:: Requirement ::
Reproduce the records word for word, from the first line to the line containing "(\<forall>n. degree (phi".

:: Listed entries ::
(* Let $t>0$ and let $\phi_n(z)=\phi_n(z;t)$ be the orthonormal polynomials on the unit circle for the weight $w(z)=\frac{1}{2\pi I_0(t)}\exp\big(\tfrac12 t(z+z^{-1})\big)$, with leading coefficients $\kappa_n=\kappa_n(t)>0$. Then $\frac{d}{dt}\phi_0=0$ and for $n\ge1$ $$2\frac{d}{dt}\phi_n(z)=\Big[\frac{I_1(t)}{I_0(t)}+\frac{\phi_{n+1}(0)}{\kappa_{n+1}}\frac{\kappa_n}{\phi_n(0)}\Big]\phi_n(z)-\frac{\kappa_{n-1}}{\kappa_n}\Big[1+\frac{\phi_{n+1}(0)}{\kappa_{n+1}}\frac{\kappa_n}{\phi_n(0)}z\Big]\phi_{n-1}(z).$$ Moreover, for $n\ge1$, $$\frac{2}{\kappa_n}\frac{d\kappa_n}{dt}=\frac{I_1(t)}{I_0(t)}+\frac{\phi_{n+1}(0)}{\kappa_{n+1}}\frac{\phi_n(0)}{\kappa_n},\qquad \frac{2}{\phi_n(0)}\frac{d\phi_n(0)}{dt}=\frac{I_1(t)}{I_0(t)}+\frac{\phi_{n+1}(0)}{\kappa_{n+1}}\frac{\kappa_n}{\phi_n(0)}-\frac{\phi_{n-1}(0)}{\phi_n(0)}\frac{\kappa_{n-1}}{\kappa_n}.$$
   Context: $I_\nu$ is the modified Bessel function of the first kind. Orthonormality means $\int_{|\zeta|=1}\phi_m(\zeta)\overline{\phi_n(\zeta)}w(\zeta)\frac{d\zeta}{i\zeta}=\delta_{m,n}$ (counterclockwise contour), $\phi_n(z)=\kappa_nz^n+\cdots$ with $\kappa_n>0$. It is assumed that $\phi_n(0)\neq 0$ where it appears in a denominator. *)

theory Defs
  imports "HOL-Complex_Analysis.Complex_Analysis" "HOL-Computational_Algebra.Polynomial"
begin

definition bessel_I :: "nat \<Rightarrow> real \<Rightarrow> real" where
  "bessel_I nu t = (\<Sum>k. (t/2) ^ (2*k + nu) / (fact k * fact (k + nu)))"

definition opuc_weight :: "real \<Rightarrow> complex \<Rightarrow> complex" where
  "opuc_weight t z = exp (complex_of_real t * (z + inverse z) / 2) / complex_of_real (2 * pi * bessel_I 0 t)"

definition opuc_inner :: "(complex \<Rightarrow> complex) \<Rightarrow> complex poly \<Rightarrow> complex poly \<Rightarrow> complex" where
  "opuc_inner w p q = contour_integral (circlepath 0 1)
      (\<lambda>\<zeta>. poly p \<zeta> * cnj (poly q \<zeta>) * w \<zeta> / (\<i> * \<zeta>))"

definition is_opuc_family :: "(complex \<Rightarrow> complex) \<Rightarrow> (nat \<Rightarrow> complex poly) \<Rightarrow> bool" where
  "is_opuc_family w phi \<longleftrightarrow>
     (\<forall>n. degree (phi n) = n \<and> lead_coeff (phi n) \<in> \<real> \<and> Re (lead_coeff (phi n)) > 0) \<and>
     (\<forall>m n. opuc_inner w (phi m) (phi n) = (if m = n then 1 else 0))"

end

(*
  The inner product of the weight is a Toeplitz form in the moments
  <z^j, z^k> = I_|j-k|(t) / I_0(t), obtained by integrating the exponential series of the weight
  termwise. Since I_a' = (I_(a+1) + I_(a-1))/2, differentiating the moments in t gives
    d/dt <p, q> = <p', q> + <p, q'> + (<z p, q> + <p, z q>)/2 - (I_1/I_0) <p, q>.
  The phi_n are differentiable in t by the Gram-Schmidt formula, and differentiating the
  orthonormality relations yields every Fourier coefficient of phi_n', i.e.
    2 phi_n' = (I_1/I_0) phi_n - z phi_n + (kappa_n/kappa_(n+1)) phi_(n+1)
               - (kappa_(n-1)/kappa_n) phi_(n-1).
  Eliminating phi_(n+1) by the three-term recurrence of the phi_n gives the formula for phi_n';
  its top and constant coefficients give the other two formulas, the former with the help of
  kappa_n^2 - kappa_(n-1)^2 = phi_n(0)^2.
*)

theory Submission
  imports Defs
begin

section \<open>Modified Bessel functions\<close>

definition bessel_term :: "nat \<Rightarrow> real \<Rightarrow> nat \<Rightarrow> real" where
  "bessel_term a x k = (x/2)^(2*k+a) / (fact k * fact (k+a))"

lemma bessel_I_conv_suminf: "bessel_I a = (\<lambda>x. \<Sum>k. bessel_term a x k)"
  by (simp add: fun_eq_iff bessel_I_def bessel_term_def)

lemma abs_bessel_term_le:
  assumes "\<bar>x\<bar> \<le> R"
  shows "\<bar>bessel_term a x k\<bar> \<le> bessel_term a R k"
proof -
  have "\<bar>x/2\<bar>^(2*k+a) \<le> (R/2)^(2*k+a)"
    using assms by (intro power_mono) auto
  then have "\<bar>x/2\<bar>^(2*k+a) / (fact k * fact (k+a)) \<le> (R/2)^(2*k+a) / (fact k * fact (k+a))"
    by (rule divide_right_mono) simp
  then show ?thesis
    by (simp add: bessel_term_def power_abs)
qed

lemma summable_bessel_term: "summable (bessel_term a x)"
proof (rule summable_comparison_test')
  show "summable (\<lambda>k. \<bar>x/2\<bar>^a * (inverse (fact k) * ((x/2)^2)^k))"
    by (intro summable_mult summable_exp)
  fix k
  define A where "A = \<bar>x/2\<bar>^a * ((x/2)^2)^k / fact k"
  have sq: "(\<bar>x\<bar>/2)^2 = (x/2)^2"
    by (simp add: power2_eq_square)
  have "norm (bessel_term a x k) = A / fact (k+a)"
    unfolding A_def by (simp add: bessel_term_def power_add power_mult power_abs abs_mult sq)
  also have "\<dots> \<le> A / 1"
    by (rule frac_le) (simp_all add: A_def fact_ge_1)
  also have "\<dots> = \<bar>x/2\<bar>^a * (inverse (fact k) * ((x/2)^2)^k)"
    unfolding A_def div_by_1 divide_inverse by (simp only: mult_ac inverse_1 mult_1_left)
  finally show "norm (bessel_term a x k) \<le> \<bar>x/2\<bar>^a * (inverse (fact k) * ((x/2)^2)^k)" .
qed

lemma bessel_term_sums: "bessel_term a x sums bessel_I a x"
  using summable_bessel_term by (simp add: bessel_I_conv_suminf summable_sums)

lemma bessel_I_0_ge_1: "bessel_I 0 x \<ge> 1"
proof -
  have "sum (bessel_term 0 x) {0} \<le> suminf (bessel_term 0 x)"
    by (rule sum_le_suminf[OF summable_bessel_term]) (auto simp: bessel_term_def power_mult)
  moreover have "sum (bessel_term 0 x) {0} = 1"
    by (simp add: bessel_term_def)
  ultimately show ?thesis
    by (simp add: bessel_I_conv_suminf)
qed

text \<open>Termwise differentiation splits the series of \<open>I\<^sub>a\<close> into a series for \<open>I\<^sub>a\<^sub>+\<^sub>1\<close> and one
  for \<open>I\<^sub>a\<^sub>-\<^sub>1\<close>; for \<open>a = 0\<close> the latter is again the series of \<open>I\<^sub>1 = I\<^sub>-\<^sub>1\<close>.\<close>

definition bessel_term_succ :: "nat \<Rightarrow> real \<Rightarrow> nat \<Rightarrow> real" where
  "bessel_term_succ a x k = (if k = 0 then 0 else bessel_term (a+1) x (k-1))"

definition bessel_term_pred :: "nat \<Rightarrow> real \<Rightarrow> nat \<Rightarrow> real" where
  "bessel_term_pred a x k = (if a = 0 then bessel_term_succ a x k else bessel_term (a-1) x k)"

lemma bessel_term_succ_eq:
  "bessel_term_succ a x k = of_nat k * (x/2)^(2*k+a-1) / (fact k * fact (k+a))"
proof (cases k)
  case (Suc j)
  have "bessel_term_succ a x k = (x/2)^(2*j+(a+1)) / (fact j * fact (j+(a+1)))"
    using Suc by (simp add: bessel_term_succ_def bessel_term_def)
  also have "\<dots> = of_nat k * (x/2)^(2*j+(a+1)) / (of_nat k * (fact j * fact (j+(a+1))))"
    using Suc by (simp only: mult_divide_mult_cancel_left_if of_nat_eq_0_iff) simp
  also have "of_nat k * (fact j * fact (j+(a+1))) = (fact k * fact (k+a) :: real)"
    using Suc by simp
  also have "2*j+(a+1) = 2*k+a-1"
    using Suc by simp
  finally show ?thesis .
qed (simp add: bessel_term_succ_def)

lemma bessel_term_pred_eq:
  "bessel_term_pred a x k = of_nat (k+a) * (x/2)^(2*k+a-1) / (fact k * fact (k+a))"
proof (cases a)
  case 0
  then show ?thesis
    by (simp add: bessel_term_pred_def bessel_term_succ_eq)
next
  case (Suc b)
  have "bessel_term_pred a x k = (x/2)^(2*k+b) / (fact k * fact (k+b))"
    using Suc by (simp add: bessel_term_pred_def bessel_term_def)
  also have "\<dots> = of_nat (k+a) * (x/2)^(2*k+b) / (of_nat (k+a) * (fact k * fact (k+b)))"
    using Suc by (simp only: mult_divide_mult_cancel_left_if of_nat_eq_0_iff) simp
  also have "of_nat (k+a) * (fact k * fact (k+b)) = (fact k * fact (k+a) :: real)"
    using Suc by simp
  also have "2*k+b = 2*k+a-1"
    using Suc by simp
  finally show ?thesis .
qed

:: Written reply ::
(* Let $t>0$ and let $\phi_n(z)=\phi_n(z;t)$ be the orthonormal polynomials on the unit circle for the weight $w(z)=\frac{1}{2\pi I_0(t)}\exp\big(\tfrac12 t(z+z^{-1})\big)$, with leading coefficients $\kappa_n=\kappa_n(t)>0$. Then $\frac{d}{dt}\phi_0=0$ and for $n\ge1$ $$2\frac{d}{dt}\phi_n(z)=\Big[\frac{I_1(t)}{I_0(t)}+\frac{\phi_{n+1}(0)}{\kappa_{n+1}}\frac{\kappa_n}{\phi_n(0)}\Big]\phi_n(z)-\frac{\kappa_{n-1}}{\kappa_n}\Big[1+\frac{\phi_{n+1}(0)}{\kappa_{n+1}}\frac{\kappa_n}{\phi_n(0)}z\Big]\phi_{n-1}(z).$$ Moreover, for $n\ge1$, $$\frac{2}{\kappa_n}\frac{d\kappa_n}{dt}=\frac{I_1(t)}{I_0(t)}+\frac{\phi_{n+1}(0)}{\kappa_{n+1}}\frac{\phi_n(0)}{\kappa_n},\qquad \frac{2}{\phi_n(0)}\frac{d\phi_n(0)}{dt}=\frac{I_1(t)}{I_0(t)}+\frac{\phi_{n+1}(0)}{\kappa_{n+1}}\frac{\kappa_n}{\phi_n(0)}-\frac{\phi_{n-1}(0)}{\phi_n(0)}\frac{\kappa_{n-1}}{\kappa_n}.$$
   Context: $I_\nu$ is the modified Bessel function of the first kind. Orthonormality means $\int_{|\zeta|=1}\phi_m(\zeta)\overline{\phi_n(\zeta)}w(\zeta)\frac{d\zeta}{i\zeta}=\delta_{m,n}$ (counterclockwise contour), $\phi_n(z)=\kappa_nz^n+\cdots$ with $\kappa_n>0$. It is assumed that $\phi_n(0)\neq 0$ where it appears in a denominator. *)

theory Defs
  imports "HOL-Complex_Analysis.Complex_Analysis" "HOL-Computational_Algebra.Polynomial"
begin

definition bessel_I :: "nat \<Rightarrow> real \<Rightarrow> real" where
  "bessel_I nu t = (\<Sum>k. (t/2) ^ (2*k + nu) / (fact k * fact (k + nu)))"

definition opuc_weight :: "real \<Rightarrow> complex \<Rightarrow> complex" where
  "opuc_weight t z = exp (complex_of_real t * (z + inverse z) / 2) / complex_of_real (2 * pi * bessel_I 0 t)"

definition opuc_inner :: "(complex \<Rightarrow> complex) \<Rightarrow> complex poly \<Rightarrow> complex poly \<Rightarrow> complex" where
  "opuc_inner w p q = contour_integral (circlepath 0 1)
      (\<lambda>\<zeta>. poly p \<zeta> * cnj (poly q \<zeta>) * w \<zeta> / (\<i> * \<zeta>))"

definition is_opuc_family :: "(complex \<Rightarrow> complex) \<Rightarrow> (nat \<Rightarrow> complex poly) \<Rightarrow> bool" where
  "is_opuc_family w phi \<longleftrightarrow>
     (\<forall>n. degree (phi n) = n \<and> lead_coeff (phi n) \<in> \<real> \<and> Re (lead_coeff (phi n)) > 0) \<and>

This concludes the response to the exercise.